Here’s her description: “This view is used to look at the tracking position of the patella (kneecap). Notice how there is lateral tilting of the patella and narrowing of the space between the patella and femur [arrow]. This is indicative of cartilage loss in that part of the knee.”

OK, to simplify it even more, here’s what her surgeon – Dr. Dugas, a managing partner at Andrews Sports Medicine in Birmingham, Ala. (yes, that Dr. James Andrews) – says:

“Working with athletes is a challenge in some ways, a blessing in others. Stephania is like every other athlete who wants to keep doing their activity but their body, as a result of wear and tear over time, is no longer cooperating. We’re not going to make her knee ‘normal’ through this process, but we are going to return her back to her normal function.”

Bell’s “wear and tear” is pretty impressive.

“I’ve been a runner as long as can remember (Junior Olympics in the 400 and 4×400 relay), but an ankle injury/surgery changed that and influenced my decision to go into PT [physical therapy],” she said. “Ballet, gymnastics, running, squash as a kid, and a recreational athlete as an adult – running, Pilates, weights and martial arts. Ballet was actually one of my more serious endeavors — 20 years of classical training, tested by London’s Royal Academy of Dance Examiners, and at one point considered dancing professionally but knew I wasn’t tall enough (5 feet, 4 inches) to really be elite.”

She says being an injured TV injury analyst is no big deal to her surgery and PT teams in Alabama – her relationship there goes back to her grad school days when she conducted clinical research for her master’s thesis (Princeton undergrad, the University of Miami for her Masters in Physical Therapy) at their facility.

“They don’t treat me any differently, and that includes lecturing me if they I’m overdoing it and not being patient enough,” she said. “They see numerous professional athletes and celebrities, so in the scheme of things I am not particularly impressive.

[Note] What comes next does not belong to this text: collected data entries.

(* Let $a\le k\le n$ be integers and let $\gamma$ be a boundary condition of the one-row region $\{1\}\times[a,n]$ such that the non-$\varnothing$ values of $\gamma_N$ are exactly $[a,k]$ (each once), the non-$\varnothing$ values of $\gamma_S$ are exactly $[a,k]$ (each once), and $\gamma_E(1)=\gamma_W(1)=\varnothing$. Let $w\in S_{[a,n]}$ (resp. $u\in S_{[a,n]}$) be the permutation with $w(\ell)=\gamma_N^{-1}(\ell)$ (resp. $u(\ell)=\gamma_S^{-1}(\ell)$) for $\ell\in[a,k]$ and decreasing on $(k,n]$. Then $u\xrightarrow{k}w$ if and only if there exists a BPD of $\{1\}\times[a,n]$ satisfying $\gamma$. In this case there is exactly one such BPD $D$, and $\{c: D(1,c)\text{ is blank}\}=\mathrm{fix}_{(k,n]}(u,w)$.
   Context: $S_{[a,n]}$ is the set of bijections of $\mathbb Z$ fixing every integer outside $[a,n]$; $\gamma_N^{-1}(\ell)$ denotes the column $c$ with $\gamma_N(c)=\ell$ (similarly $\gamma_S^{-1}$). $\tau_{i,j}$ is the transposition of $i<j$, $u\tau_{i,j}=u\circ\tau_{i,j}$, $\ell(u)$ = number of inversions; $u\lessdot_k u\tau_{i,j}$ if $i\le k<j$ and $\ell(u\tau_{i,j})=\ell(u)+1$; $u\xrightarrow{k}w$ if there is a chain $u=v_1\lessdot_k\cdots\lessdot_k v_s=w$ ($s\ge1$), $v_{t+1}=v_t\tau_{i_t,j_t}$, with $v_1(i_1)<\cdots<v_{s-1}(i_{s-1})$. $\mathrm{fix}_I(u,w)=\{u(t):t\in I,\ u(t)=w(t)\}$. Bumpless pipedreams on the one-row region: a tiling assigns each cell $(1,c)$, $c\in[a,n]$, one of: blank; horizontal (pipe joining left and right edges); vertical (top and bottom); r-elbow (bottom and right); j-elbow (top and left); cross (a left–right and a top–bottom pipe, which cross, the top–bottom one vertical). Consistent: adjacent cells agree on whether a pipe uses their common edge. A pipe enters from the row if it crosses the right edge of $(1,n)$, exits from the row if it crosses the left edge of $(1,a)$, enters (exits) from column $c$ if it crosses the top (bottom) edge of $(1,c)$. A BPD is a consistent tiling in which any two pipes cross at most once and every pipe enters and exits. A labeling (distinct integers on pipes) is valid if at each crossing the vertical pipe has the smaller label. A boundary condition $\gamma=(\gamma_N,\gamma_E,\gamma_S,\gamma_W)$, $\gamma_N,\gamma_S:[a,n]\to\mathbb Z\sqcup\{\varnothing\}$, $\gamma_E,\gamma_W:\{1\}\to\mathbb Z\sqcup\{\varnothing\}$, is satisfied by a BPD if some valid labeling makes a pipe enter (exit) from the row iff $\gamma_E(1)\neq\varnothing$ ($\gamma_W(1)\ne\varnothing$), with that label, and a pipe enter (exit) from column $c$ iff $\gamma_N(c)\neq\varnothing$ ($\gamma_S(c)\ne\varnothing$), with that label. *)

theory Defs
  imports "HOL-Combinatorics.Transposition"
begin

definition Sperm :: "int \<Rightarrow> int \<Rightarrow> (int \<Rightarrow> int) set" where
  "Sperm a n = {u. bij u \<and> (\<forall>t. t \<notin> {a..n} \<longrightarrow> u t = t)}"

definition perm_length :: "(int \<Rightarrow> int) \<Rightarrow> nat" where
  "perm_length u = card {(i, j). i < j \<and> u j < u i}"

definition kcover :: "int \<Rightarrow> (int \<Rightarrow> int) \<Rightarrow> int \<Rightarrow> int \<Rightarrow> (int \<Rightarrow> int) \<Rightarrow> bool" where
  "kcover k u i j v \<longleftrightarrow> i \<le> k \<and> k < j \<and> v = u \<circ> transpose i j
      \<and> perm_length v = perm_length u + 1"

text \<open>u --k--> w: a chain v_1 = u, ..., v_s = w (s >= 1) of k-covers
  v_{t+1} = v_t tau_{i_t,j_t} with v_1(i_1) < ... < v_{s-1}(i_{s-1}).
  Lists are 0-indexed: vs ! t is v_{t+1}, is ! t is i_{t+1}, js ! t is j_{t+1}.\<close>
definition kpath :: "int \<Rightarrow> (int \<Rightarrow> int) \<Rightarrow> (int \<Rightarrow> int) \<Rightarrow> bool" where
  "kpath k u w \<longleftrightarrow>
     (\<exists>vs is js. vs \<noteq> [] \<and> hd vs = u \<and> last vs = w
        \<and> length is = length vs - 1 \<and> length js = length vs - 1
        \<and> (\<forall>t < length vs - 1. kcover k (vs ! t) (is ! t) (js ! t) (vs ! (t + 1)))
        \<and> sorted_wrt (<) (map (\<lambda>t. (vs ! t) (is ! t)) [0..<length vs - 1]))"

definition fixset :: "int set \<Rightarrow> (int \<Rightarrow> int) \<Rightarrow> (int \<Rightarrow> int) \<Rightarrow> int set" where
  "fixset I u w = {u t | t. t \<in> I \<and> u t = w t}"

text \<open>Tiles: blank, horizontal, vertical, r-elbow (bottom and right),
  j-elbow (top and left), cross.\<close>
datatype tile = Blank | Hor | Vert | RElb | JElb | Cross
(* Let $X,Y$ be infinite-dimensional Hilbert spaces, suppose Assumption A and the source condition of the context hold, put $r:=\frac{2a+2}{a}$, and fix constants $k,l\in(1,\infty)$. Then there exist constants $C,\delta_0>0$ such that, whenever $\delta\le\delta_0$, $\|f^\delta-f^\dagger\|\le\delta$ and case (b) of the discrepancy principle applies, the regularization parameter $\alpha_\ast$ chosen by the discrepancy principle satisfies $$\alpha_\ast\ge C\,\delta^r(-\ln(c\delta))^{\kappa r}.$$
   Context: Let $B:\mathcal{D}(B)\subset X\to X$ be a densely defined, selfadjoint, unbounded linear operator with $\|Bu\|\ge m\|u\|$ for all $u\in\mathcal{D}(B)$, some $m>0$. Hilbert scale: $X_\tau=\mathcal{D}(B^\tau)$ for $\tau>0$, $X_\tau=X$ for $\tau\le0$, with $\|u\|_\tau=\|B^\tau u\|$. $F:\mathcal{D}(F)\subset X\to Y$ a (nonlinear) operator, $u^\dagger\in\mathcal{D}(F)$, $Fu^\dagger=f^\dagger$, $\overline{u}$ an initial guess. $T_\alpha^\delta(u)=\|Fu-f^\delta\|^2+\alpha\|u-\overline{u}\|_1^2$ ($=+\infty$ if $u\notin X_1$); $u_\alpha^\delta$ denotes a minimizer of $T_\alpha^\delta$ over $\mathcal{D}(F)$. Assumption A: (a) $F$ is sequentially continuous on $\mathcal{D}(F)$ w.r.t. the weak topologies of $X$ and $Y$; (b) $\mathcal{D}(F)$ is closed and convex; (c) $\mathcal{D}:=\mathcal{D}(F)\cap X_1\neq\emptyset$ and $\overline{u}\in\mathcal{D}$; (d) $u^\dagger$ is an interior point of $\mathcal{D}(F)$; (e) $\|f^\delta-f^\dagger\|\le\delta$; (f) there are $a>0$ and $0<c_a\le C_a<\infty$ with $c_a\|u-u^\dagger\|_{-a}\le\|Fu-f^\dagger\|\le C_a\|u-u^\dagger\|_{-a}$ for all $u\in\mathcal{D}$. Source condition: $G:=B^{-(2a+2)}$; $\kappa>0$, $c\in(0,\|G\|^{-1})$, $\varphi(t)=(-\ln(ct))^{-\kappa}$ on $(0,\|G\|]$; $u^\dagger-\overline{u}=\varphi(G)w$ with $w\in X$, $\|w\|\le\rho$, $\rho>0$. Discrepancy principle (constants $k,l>1$): (a) if $\|F\overline{u}-f^\delta\|\le k\delta$, set $u_{\alpha_\ast}^\delta:=\overline{u}$ ($\alpha_\ast=\infty$); (b) if $\|F\overline{u}-f^\delta\|>k\delta$, choose $\alpha_\ast\in(0,\infty)$ such that $\|Fu_{\alpha_\ast}^\delta-f^\delta\|\le k\delta\le\|Fu_{\gamma_\ast}^\delta-f^\delta\|$ for some $\gamma_\ast\in[\alpha_\ast,l\alpha_\ast]$. *)

theory Defs
  imports "HOL-Analysis.Analysis"
begin

definition infinite_dim :: "'a::real_vector set \<Rightarrow> bool" where
  "infinite_dim V \<longleftrightarrow> \<not> (\<exists>S. finite S \<and> S \<subseteq> V \<and> span S = V)"

definition weak_conv :: "(nat \<Rightarrow> 'a::real_inner) \<Rightarrow> 'a \<Rightarrow> bool" where
  "weak_conv xs x \<longleftrightarrow> (\<forall>y. (\<lambda>n. inner (xs n) y) \<longlonglongrightarrow> inner x y)"

definition weakly_seq_cont_on :: "'a::real_inner set \<Rightarrow> ('a \<Rightarrow> 'b::real_inner) \<Rightarrow> bool" where
  "weakly_seq_cont_on S F \<longleftrightarrow>
     (\<forall>xs x. (\<forall>n. xs n \<in> S) \<longrightarrow> x \<in> S \<longrightarrow> weak_conv xs x \<longrightarrow> weak_conv (\<lambda>n. F (xs n)) (F x))"

text \<open>Densely defined selfadjoint linear operator with domain D (B* = B, D(B* ) = D(B)).\<close>
definition selfadjoint_op :: "'a::real_inner set \<Rightarrow> ('a \<Rightarrow> 'a) \<Rightarrow> bool" where
  "selfadjoint_op D B \<longleftrightarrow>
     subspace D \<and>
     (\<forall>x\<in>D. \<forall>y\<in>D. B (x + y) = B x + B y) \<and>
     (\<forall>c. \<forall>x\<in>D. B (c *\<^sub>R x) = c *\<^sub>R B x) \<and>
     closure D = UNIV \<and>
     (\<forall>v z. (\<forall>u\<in>D. inner (B u) v = inner u z) \<longleftrightarrow> (v \<in> D \<and> z = B v))"

definition unbounded_op :: "'a::real_normed_vector set \<Rightarrow> ('a \<Rightarrow> 'a) \<Rightarrow> bool" where
  "unbounded_op D B \<longleftrightarrow> \<not> (\<exists>K. \<forall>u\<in>D. norm (B u) \<le> K * norm u)"

definition sq_int :: "'w measure \<Rightarrow> ('w \<Rightarrow> real) \<Rightarrow> bool" where
  "sq_int M f \<longleftrightarrow> f \<in> borel_measurable M \<and> integrable M (\<lambda>\<omega>. (f \<omega>)\<^sup>2)"

text \<open>Spectral (multiplication-operator) representation of (D,B): U is a unitary map
  X \<rightarrow> L^2(M) and B corresponds to multiplication by lam.\<close>
definition spectral_rep ::
  "'w measure \<Rightarrow> ('w \<Rightarrow> real) \<Rightarrow> ('a::real_inner \<Rightarrow> 'w \<Rightarrow> real) \<Rightarrow> 'a set \<Rightarrow> ('a \<Rightarrow> 'a) \<Rightarrow> bool" where
  "spectral_rep M lam U D B \<longleftrightarrow>
     lam \<in> borel_measurable M \<and>
     (\<forall>x. sq_int M (U x)) \<and>
     (\<forall>x y \<omega>. U (x + y) \<omega> = U x \<omega> + U y \<omega>) \<and>
     (\<forall>c x \<omega>. U (c *\<^sub>R x) \<omega> = c * U x \<omega>) \<and>
     (\<forall>x. (norm x)\<^sup>2 = (\<integral>\<omega>. (U x \<omega>)\<^sup>2 \<partial>M)) \<and>
     (\<forall>f. sq_int M f \<longrightarrow> (\<exists>x. AE \<omega> in M. U x \<omega> = f \<omega>)) \<and>
     (\<forall>u. u \<in> D \<longleftrightarrow> sq_int M (\<lambda>\<omega>. lam \<omega> * U u \<omega>)) \<and>
     (\<forall>u\<in>D. AE \<omega> in M. U (B u) \<omega> = lam \<omega> * U u \<omega>)"

text \<open>Hilbert scale norm \<parallel>u\<parallel>_tau = \<parallel>B^tau u\<parallel> via the functional calculus (used for tau \<le> 0).\<close>
definition hs_norm :: "'w measure \<Rightarrow> ('w \<Rightarrow> real) \<Rightarrow> ('a \<Rightarrow> 'w \<Rightarrow> real) \<Rightarrow> real \<Rightarrow> 'a \<Rightarrow> real" where
  "hs_norm M lam U tau u = sqrt (\<integral>\<omega>. (\<bar>lam \<omega>\<bar> powr tau * U u \<omega>)\<^sup>2 \<partial>M)"

text \<open>Operator norm of G = B^(-(2a+2)).\<close>
definition G_norm :: "'w measure \<Rightarrow> ('w \<Rightarrow> real) \<Rightarrow> ('a::real_normed_vector \<Rightarrow> 'w \<Rightarrow> real) \<Rightarrow> real \<Rightarrow> real" where
  "G_norm M lam U a = Sup {hs_norm M lam U (-(2*a+2)) u | u. norm u \<le> 1}"

definition phi_log :: "real \<Rightarrow> real \<Rightarrow> real \<Rightarrow> real" where
  "phi_log c \<kappa> t = (- ln (c * t)) powr (- \<kappa>)"

text \<open>Tikhonov functional T_alpha^delta(u) for u \<in> X_1 (it is +\<infinity> outside X_1).\<close>
definition tik :: "('a \<Rightarrow> 'a::real_normed_vector) \<Rightarrow> ('a \<Rightarrow> 'b::real_normed_vector) \<Rightarrow> 'b \<Rightarrow> 'a \<Rightarrow> real \<Rightarrow> 'a \<Rightarrow> real" where
  "tik B F fd ubar \<alpha> u = (norm (F u - fd))\<^sup>2 + \<alpha> * (norm (B (u - ubar)))\<^sup>2"

definition is_tik_min :: "'a set \<Rightarrow> 'a set \<Rightarrow> ('a \<Rightarrow> 'a::real_normed_vector) \<Rightarrow> ('a \<Rightarrow> 'b::real_normed_vector) \<Rightarrow> 'b \<Rightarrow> 'a \<Rightarrow> real \<Rightarrow> 'a \<Rightarrow> bool" where
  "is_tik_min DF DB B F fd ubar \<alpha> u \<longleftrightarrow>
     u \<in> DF \<inter> DB \<and> (\<forall>v \<in> DF \<inter> DB. tik B F fd ubar \<alpha> u \<le> tik B F fd ubar \<alpha> v)"
lemma norm_le_rad:
  assumes "cocompact_lattice Z" "dirichlet_domain Z K" "x \<in> K"
  shows "norm x \<le> rad K"
proof -
  obtain C where C: "compact C" "\<And>x. \<exists>z\<in>Z. x - z \<in> C"
    using assms(1) unfolding cocompact_lattice_def by blast
  obtain B where B: "\<And>c. c \<in> C \<Longrightarrow> norm c \<le> B"
    using compact_imp_bounded[OF C(1)] unfolding bounded_iff by blast
  have "norm x \<le> B" if "x \<in> K" for x
  proof -
    obtain z where z: "z \<in> Z" "x - z \<in> C"
      using C(2) by blast
    then have "dist x 0 \<le> dist x z"
      using assms(2) that unfolding dirichlet_domain_def dirichlet_def by blast
    then show ?thesis
      using B[OF z(2)] by (simp add: dist_norm)
  qed
  then have "bdd_above (norm ` K)"
    unfolding bdd_above_def by blast
  then show ?thesis
    unfolding rad_def by (rule cSUP_upper[OF assms(3)])
qed

theorem lemma4p3:
  fixes \<iota> :: "real^'n \<Rightarrow> real^'n" and Z K :: "(real^'n) set"
  assumes "inversion \<iota>" and "cocompact_lattice Z" and "dirichlet_domain Z K"
    and "rad K < 1"
  shows "\<exists>L>1. \<forall>s. set s \<subseteq> Z \<longrightarrow> cyl \<iota> K s \<noteq> {} \<longrightarrow>
    (SUP y\<in>(Tmap \<iota> Z K ^^ length s) ` cyl \<iota> K s. ereal (omega \<iota> s y))
      \<le> ereal L * (INF y\<in>(Tmap \<iota> Z K ^^ length s) ` cyl \<iota> K s. ereal (omega \<iota> s y))"
proof -
  define r where "r = (max (rad K) 0 + 1) / 2"
  interpret norm_euclidean_cf \<iota> Z K r
  proof
    show "\<And>x. x \<in> K \<Longrightarrow> norm x \<le> r"
      using norm_le_rad[OF assms(2,3)] assms(4) unfolding r_def by fastforce
    show "0 < r" "r < 1"
      using assms(4) unfolding r_def by auto
  qed (use assms in \<open>simp_all add: cocompact_lattice_def\<close>)
  define L where "L = exp (4 / (1 - r^2)) ^ CARD('n)"
  have "1 < L"
    using r_pos r_less_1 unfolding L_def
    by (intro one_less_power) (auto simp: power_less_one_iff)
  moreover have "(SUP y\<in>Tcyl s. ereal (omega \<iota> s y)) \<le> ereal L * (INF y\<in>Tcyl s. ereal (omega \<iota> s y))"
    if "set s \<subseteq> Z" "cyl \<iota> K s \<noteq> {}" for s
  proof (rule SUP_le_mult_INF_ereal)
    show "Tcyl s \<noteq> {}" "0 < L"
      using that \<open>1 < L\<close> by auto
    show "\<And>y y'. y \<in> Tcyl s \<Longrightarrow> y' \<in> Tcyl s \<Longrightarrow> omega \<iota> s y \<le> L * omega \<iota> s y'"
      using omega_distortion[OF that(1)] unfolding L_def .
  qed
  ultimately show ?thesis
    by blast
qed

end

Elite athletes work alongside recreational athletes which is one of the things I love about the clinic.”

While not treated any differently in Alabama, Stephania’s noticed in Bristol.

“Walking around the ESPN campus on crutches draws routine jokes about the ‘injury analyst’ being injured,” she said. “I respond by pointing out that I am willing to go the extra mile to do my research as to what it’s like for the real athletes.”